◆ TASK ITEM: Your reply should be made up of every line in the records below that holds the string "definition".

Stored data entries:
(* For $0<|q|<1$, the sequences $$\alpha_n=\frac{(-1)^nq^{-2n}(1-q^{4n+2})}{1-q^2},\qquad\beta_n=\frac{(-1)^nq^{-2n}}{(-q;q)_n(q;q)_n}\qquad(n\ge0)$$ form a Bailey pair relative to $a=q$, i.e. $\beta_n=\sum_{r=0}^n\frac{\alpha_r}{(q;q)_{n-r}(q^2;q)_{n+r}}$ for all $n\ge0$.
   Context: $(a;q)_n=\prod_{k=0}^{n-1}(1-aq^k)$ with $(a;q)_0=1$. A Bailey pair relative to $a$ is a pair of sequences with $\beta_n=\sum_{r=0}^n\frac{\alpha_r}{(q;q)_{n-r}(aq;q)_{n+r}}$ for all $n\ge0$. *)

theory Defs
  imports Complex_Main
begin

definition qpoch :: "complex \<Rightarrow> complex \<Rightarrow> nat \<Rightarrow> complex" where
  "qpoch a q n = (\<Prod>k<n. 1 - a * q ^ k)"

definition bailey_pair :: "complex \<Rightarrow> complex \<Rightarrow> (nat \<Rightarrow> complex) \<Rightarrow> (nat \<Rightarrow> complex) \<Rightarrow> bool" where
  "bailey_pair q a \<alpha> \<beta> \<longleftrightarrow>
     (\<forall>n. \<beta> n = (\<Sum>r=0..n. \<alpha> r / (qpoch q q (n - r) * qpoch (a * q) q (n + r))))"

end

(*
  Put x = -q^2, so that 1 - q^(4r+2) = 1 + x^(2r+1). Then the r-th term of the Bailey sum is
  x^(-n)/(1+q) times the sum of the terms k = n - r and k = n + r + 1 of
  G_(2n+1)(x) = sum_k x^k / ((q;q)_k (q;q)_(2n+1-k)), the Rogers-Szego polynomial divided by
  (q;q)_(2n+1). The two q-Pascal recurrences for G_N, together with the reflection symmetry
  k <-> N - k, give G_N(-1) = 0 for odd N and G_(2m)(-1) = 1/(q^2;q^2)_m, and from these
  G_(2n+1)(-q^2) = (1+q)/(q^2;q^2)_n = (1+q)/((-q;q)_n (q;q)_n).
*)
theory Submission
  imports Defs
begin

lemma qpoch_Suc: "qpoch a q (Suc n) = qpoch a q n * (1 - a * q ^ n)"
  by (simp add: qpoch_def)

lemma qpoch_Suc_shift: "qpoch a q (Suc n) = (1 - a) * qpoch (a * q) q n"
  unfolding qpoch_def prod.lessThan_Suc_shift by (simp add: mult.assoc)

lemma qpoch_nonzero:
  assumes "norm a < 1" "norm q \<le> 1"
  shows "qpoch a q n \<noteq> 0"
proof -
  have "norm (a * q ^ k) < 1" for k
  proof -
    have "norm (a * q ^ k) = norm a * norm q ^ k" by (simp add: norm_mult norm_power)
    also have "\<dots> \<le> norm a" using assms by (simp add: mult_left_le power_le_one)
    finally show ?thesis using assms(1) by linarith
  qed
  then have "a * q ^ k \<noteq> 1" for k by (metis norm_one order_less_irrefl)
  then show ?thesis by (simp add: qpoch_def prod_zero_iff)
qed

lemma one_minus_power_nonzero:
  fixes q :: complex
  assumes "norm q < 1" "0 < n"
  shows "1 - q ^ n \<noteq> 0"
  using assms power_eq_1_iff by fastforce

lemma qpoch_squares_nonzero:
  fixes q :: complex
  assumes "norm q < 1"
  shows "qpoch (q ^ 2) (q ^ 2) n \<noteq> 0"
  using assms by (intro qpoch_nonzero) (simp_all add: norm_power power_less_one_iff power_le_one)

definition rogers_szego :: "complex \<Rightarrow> nat \<Rightarrow> complex \<Rightarrow> complex" where
  "rogers_szego q N x = (\<Sum>k=0..N. x ^ k / (qpoch q q k * qpoch q q (N - k)))"

lemma sum_qbinom_shift_lower:
  assumes "norm q < 1"
  shows "(\<Sum>k=0..Suc N. c k * (1 - q ^ k) / (qpoch q q k * qpoch q q (Suc N - k)))
       = (\<Sum>k=0..N. c (Suc k) / (qpoch q q k * qpoch q q (N - k)))"
proof -
  have "c (Suc k) * (1 - q ^ Suc k) / (qpoch q q (Suc k) * qpoch q q (N - k))
      = c (Suc k) / (qpoch q q k * qpoch q q (N - k))" for k
    using one_minus_power_nonzero[OF assms, of "Suc k"] by (simp add: qpoch_Suc mult_ac)
  then show ?thesis by (simp add: sum.atLeast0_atMost_Suc_shift del: sum.cl_ivl_Suc)
qed

lemma sum_qbinom_shift_upper:
  assumes "norm q < 1"
  shows "(\<Sum>k=0..Suc N. c k * (1 - q ^ (Suc N - k)) / (qpoch q q k * qpoch q q (Suc N - k)))
       = (\<Sum>k=0..N. c k / (qpoch q q k * qpoch q q (N - k)))"
proof -
  have "c k * (1 - q ^ (Suc N - k)) / (qpoch q q k * qpoch q q (Suc N - k))
      = c k / (qpoch q q k * qpoch q q (N - k))" if "k \<le> N" for k
  proof -
    have "Suc N - k = Suc (N - k)" using that by simp
    then show ?thesis
      using one_minus_power_nonzero[OF assms, of "Suc (N - k)"] by (simp add: qpoch_Suc mult_ac)
  qed
  then show ?thesis by (simp add: sum.atLeast0_atMost_Suc)
qed

lemma rogers_szego_recurrence:
  assumes "norm q < 1"
  shows "(1 - q ^ Suc N) * rogers_szego q (Suc N) x
       = rogers_szego q N (q * x) + x * rogers_szego q N x"
proof -
  have split: "(1 - q ^ Suc N) * (x ^ k / (qpoch q q k * qpoch q q (Suc N - k)))
      = x ^ k * (1 - q ^ k) / (qpoch q q k * qpoch q q (Suc N - k))
      + (q * x) ^ k * (1 - q ^ (Suc N - k)) / (qpoch q q k * qpoch q q (Suc N - k))"
    if "k \<le> Suc N" for k
  proof -
    have "q ^ k * q ^ (Suc N - k) = q ^ Suc N" using that by (simp flip: power_add)
    then have "1 - q ^ Suc N = (1 - q ^ k) + q ^ k * (1 - q ^ (Suc N - k))"
      by (simp add: algebra_simps)
    then show ?thesis by (simp only:) (simp add: divide_inverse power_mult_distrib algebra_simps)
  qed
  have "(1 - q ^ Suc N) * rogers_szego q (Suc N) x
      = (\<Sum>k=0..Suc N. x ^ k * (1 - q ^ k) / (qpoch q q k * qpoch q q (Suc N - k)))
      + (\<Sum>k=0..Suc N. (q * x) ^ k * (1 - q ^ (Suc N - k))
                         / (qpoch q q k * qpoch q q (Suc N - k)))"
    unfolding rogers_szego_def sum_distrib_left sum.distrib[symmetric]
    by (intro sum.cong refl split) simp
  also have "\<dots> = x * rogers_szego q N x + rogers_szego q N (q * x)"
    unfolding sum_qbinom_shift_lower[OF assms] sum_qbinom_shift_upper[OF assms]
    by (simp add: rogers_szego_def sum_distrib_left mult.assoc)
  finally show ?thesis by simp
qed

lemma rogers_szego_recurrence_dual:
  assumes "norm q < 1"
  shows "(1 - q ^ Suc N) * rogers_szego q (Suc N) (q * x)
       = rogers_szego q N (q * x) + q ^ Suc N * x * rogers_szego q N x"
proof -
  have split: "(1 - q ^ Suc N) * ((q * x) ^ k / (qpoch q q k * qpoch q q (Suc N - k)))
      = (q * x) ^ k * q ^ (Suc N - k) * (1 - q ^ k) / (qpoch q q k * qpoch q q (Suc N - k))
      + (q * x) ^ k * (1 - q ^ (Suc N - k)) / (qpoch q q k * qpoch q q (Suc N - k))"
    if "k \<le> Suc N" for k
  proof -
    have "q ^ k * q ^ (Suc N - k) = q ^ Suc N" using that by (simp flip: power_add)
    then have "1 - q ^ Suc N = q ^ (Suc N - k) * (1 - q ^ k) + (1 - q ^ (Suc N - k))"
      by (simp add: algebra_simps)
    then show ?thesis by (simp only:) (simp add: divide_inverse algebra_simps)
  qed
  have shifted: "(q * x) ^ Suc k * q ^ (Suc N - Suc k) / (qpoch q q k * qpoch q q (N - k))
      = q ^ Suc N * x * (x ^ k / (qpoch q q k * qpoch q q (N - k)))" if "k \<in> {0..N}" for k
  proof -
    have "q ^ k * q ^ (N - k) = q ^ N" using that by (simp flip: power_add)
    then show ?thesis by (simp add: power_mult_distrib algebra_simps)
  qed
  have "(1 - q ^ Suc N) * rogers_szego q (Suc N) (q * x)
      = (\<Sum>k=0..Suc N. (q * x) ^ k * q ^ (Suc N - k) * (1 - q ^ k)
                         / (qpoch q q k * qpoch q q (Suc N - k)))
      + (\<Sum>k=0..Suc N. (q * x) ^ k * (1 - q ^ (Suc N - k))
                         / (qpoch q q k * qpoch q q (Suc N - k)))"
    unfolding rogers_szego_def sum_distrib_left sum.distrib[symmetric]
    by (intro sum.cong refl split) simp
  also have "\<dots> = q ^ Suc N * x * rogers_szego q N x + rogers_szego q N (q * x)"
    unfolding sum_qbinom_shift_lower[OF assms] sum_qbinom_shift_upper[OF assms]
      rogers_szego_def sum_distrib_left
    by (intro arg_cong2[where f="(+)"] sum.cong refl shifted)
  finally show ?thesis by simp
qed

◆ OUTPUT:
definition qpoch :: "complex \<Rightarrow> complex \<Rightarrow> nat \<Rightarrow> complex" where
definition bailey_pair :: "complex \<Rightarrow> complex \<Rightarrow> (nat \<Rightarrow> complex) \<Rightarrow> (nat \<Rightarrow> complex) \<Rightarrow> bool" where
definition rogers_szego :: "complex \<Rightarrow> nat \<Rightarrow> complex \<Rightarrow> complex" where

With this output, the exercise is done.